Un an plus tard, il crée une série de six croquis en couleur, Picasso et Sebastià Junyer i Vidal, relatant ses voyages de Barcelone à Paris. Encore une fois, il a représenté l'action, le changement de lieu et de temps, et a utilisé des légendes pour raconter une histoire, formant une bande dessinée. (Une œuvre beaucoup plus célèbre, la série de gravures Rêve et mensonge de Franco de 1937, est aussi sans doute une bande dessinée, avec sa composition en neuf panneaux et deux pages, l'incorporation de texte et la fantasmagorie, mais c'est plutôt une série de vignettes avec un thème partagé qu'un récit cohérent.)

Les bandes dessinées américaines, cependant, étaient autre chose. Ce n'étaient pas seulement des caricatures politiques incisives ou des parodies amusantes. Ils étaient irrévérencieux, transgressifs et expérimentaux, bouleversant les conventions à la fois artistiques et sociales. Et The Katzenjammer Kids a parlé à Picasso en particulier.

Dans son Autobiographie d'Alice B. Toklas de 1933, Stein raconte avoir encouragé Picasso avec un paquet de journaux : « Il les ouvrit, c'était le supplément du dimanche des journaux américains, c'étaient les enfants de Katzenjammer. Oh oui, Oh oui, dit-il. , le visage plein de satisfaction, merci merci Gertrude."

À une autre occasion, lors de l'une des nombreuses ruptures de Picasso avec l'amante de longue date et muse Fernande Olivier (sa sculpture de 1909 d'elle, Tête de femme (Fernande), est un excellent exemple de la multidimensionnalité du cubisme, même dans un médium tridimensionnel), Stein a visité elle après avoir vu Picasso.

"Fernande a demandé à Miss Stein s'il lui restait des suppléments comiques des journaux américains. Gertrude Stein a répondu qu'elle venait de les laisser à Pablo. Fernande s'est réveillée comme une lionne défendant ses petits. C'est une brutalité que je ne lui pardonnerai jamais. , dit-elle… [Stein] m'a dit qu'il faut espérer qu'ils seront à nouveau ensemble avant la sortie des prochains suppléments comiques des enfants de Katzenjammer.
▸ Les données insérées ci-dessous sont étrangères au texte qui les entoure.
lemma centr_eq_Tdiag: "M = Tdiag n (\<lambda>i. M $$ (i,i)) (M $$ (n,n))"
proof (rule eq_matI)
  fix i k assume "i < dim_row (Tdiag n (\<lambda>i. M $$ (i,i)) (M $$ (n,n)))"
    "k < dim_col (Tdiag n (\<lambda>i. M $$ (i,i)) (M $$ (n,n)))"
  then have ik: "i < 2*n" "k < 2*n" by (auto simp: Tdiag_def)
  show "M $$ (i,k) = Tdiag n (\<lambda>i. M $$ (i,i)) (M $$ (n,n)) $$ (i,k)"
  proof (cases "i = k")
    case False
    then have "M $$ (i,k) = 0"
      using centr_middle_block ik by (cases "i \<in> {n-1, n} \<and> k \<in> {n-1, n}") (auto intro: centr_entry_zero)
    then show ?thesis using ik False by (simp add: Tdiag_def)
  next
    case True
    consider "i < n-1" | "i \<in> {n-1, n}" | "i > n" by fastforce
    then show ?thesis
    proof cases
      case 3
      then have "M $$ (i,i) * M $$ (2*n-1-i, 2*n-1-i) = 1"
        using centr_diag_mirror[OF ik(1)] by auto
      then have "M $$ (i,i) = inverse (M $$ (2*n-1-i, 2*n-1-i))"
        by (metis inverse_unique mult.commute)
      moreover have "\<not> i < n-1" "i \<noteq> n-1" "i \<noteq> n" using 3 by auto
      ultimately show ?thesis using True ik by (simp add: Tdiag_def mir_def)
    qed (use True ik centr_middle_block in \<open>auto simp: Tdiag_def\<close>)
  qed
qed (use orth in \<open>auto simp: Tdiag_def orth_grp_def\<close>)

lemma centr_diag_nonzero:
  assumes "i < n-1"
  shows "M $$ (i,i) \<noteq> 0"
proof -
  have "i < 2*n" "i \<notin> {n-1, n}" using assms by auto
  then show ?thesis using centr_diag_mirror by force
qed

end

lemma centr_subset_Tdiag:
  fixes c :: "nat \<Rightarrow> nat \<Rightarrow> 'a::field_char_0"
  assumes "n \<ge> 3" "admissible_r0 n c"
  shows "centr n (r_BD n c) \<subseteq> {Tdiag n t \<eta> | t \<eta>. (\<forall>i < n-1. t i \<noteq> 0) \<and> (\<eta> = 1 \<or> \<eta> = -1)}"
proof
  fix M assume "M \<in> centr n (r_BD n c)"
  then have "M \<in> orth_grp n" "AdAd (2*n) M (r_BD n c) = r_BD n c" by (auto simp: centr_def)
  note facts = assms this
  show "M \<in> {Tdiag n t \<eta> | t \<eta>. (\<forall>i < n-1. t i \<noteq> 0) \<and> (\<eta> = 1 \<or> \<eta> = -1)}"
    using centr_eq_Tdiag[OF facts] centr_diag_nonzero[OF facts] centr_middle_block[OF facts] by blast
qed


section \<open>Diagonal elements of the centralizer\<close>

lemma mat_diag_index: "i < N \<Longrightarrow> j < N \<Longrightarrow> mat_diag N d $$ (i,j) = (if i = j then d i else 0)"
  by (simp add: mat_diag_def)

lemma minv_mat_diag:
  fixes d :: "nat \<Rightarrow> 'a::field"
  assumes "\<forall>i<N. d i \<noteq> 0"
  shows "minv N (mat_diag N d) = mat_diag N (\<lambda>i. inverse (d i))"
proof (rule minv_eqI)
  have "mat_diag N (\<lambda>i. d i * inverse (d i)) = 1\<^sub>m N" "mat_diag N (\<lambda>i. inverse (d i) * d i) = 1\<^sub>m N"
    using assms by (auto simp: mat_diag_def)
  then show "mat_diag N d * mat_diag N (\<lambda>i. inverse (d i)) = 1\<^sub>m N"
    and "mat_diag N (\<lambda>i. inverse (d i)) * mat_diag N d = 1\<^sub>m N" by simp_all
qed auto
Les Katzenjammer Kids ont été créés en 1897 par Rudolph Dirks, à propos des jumeaux espiègles Hans et Fritz Katzenjammer, ancêtres de personnages comme Dennis the Menace et Bart Simpson. (Il, à son tour, a commencé comme un coup du célèbre livre illustré allemand de 1865 Max et Moritz de Wilhelm Busch.)

La bande dessinée a été publiée dans le supplément Sunday Funnies du New York Journal de William Randolph Hearst , où Dirks, 19 ans, était un artiste du personnel. Il a acquis une popularité immédiate et immense, et lorsque Dirks est parti suite à une dispute avec Hearst en 1913, il a continué à être dessiné par Harold Knerr jusqu'en 1949, suivi par Joe Musial et d'autres. Les Katzenjammer Kids sont restés distribués par King Features Syndicate jusqu'en 2015, durant 118 ans sur trois siècles, ce qui en fait la bande dessinée la plus ancienne de l'histoire. Il continue d'être publié en ligne, dessiné par Hy Eisman depuis 1986.

La bande dessinée a révolutionné la forme d'art de la bande dessinée, à l'origine de nombreux tropes familiers d'aujourd'hui. Il a été le premier à raconter une histoire sur plusieurs panneaux consécutifs, à présenter une distribution permanente de personnages, à utiliser systématiquement des bulles de mots, à utiliser des étoiles autour de la tête d'un personnage pour indiquer la douleur ou le malaise et le sciage de bûches pour indiquer le ronflement, et à utiliser un grawlix (alias obscenicon), la chaîne de symboles typographiques remplaçant les jurons (comme "$#!*").

The Katzenjammer Kids était également révolutionnaire dans son contenu, considéré comme scandaleux pour l'époque, de la délinquance de ses personnages d'enfants à la représentation d'immigrants allemands pauvres à New York en passant par son utilisation de dialogues accentués et de jeux de mots ethniques ("Katzenjammer" est allemand -Argot américain pour la gueule de bois).

Ces représentations évocatrices, plastifiées, fantastiques et dynamiques de la forme et du mouvement sont devenues la marque du cubisme. Le cubisme est un dessin animé, juste avec gravité. C'est un libre flux de perception, un flux de conscience sous forme visuelle, crédité à Picasso mais dû à Dirks et à d'autres pionniers de la bande dessinée, et se poursuivant avec des maîtres ultérieurs comme Jack Kirby et Bill Sienkiewicz.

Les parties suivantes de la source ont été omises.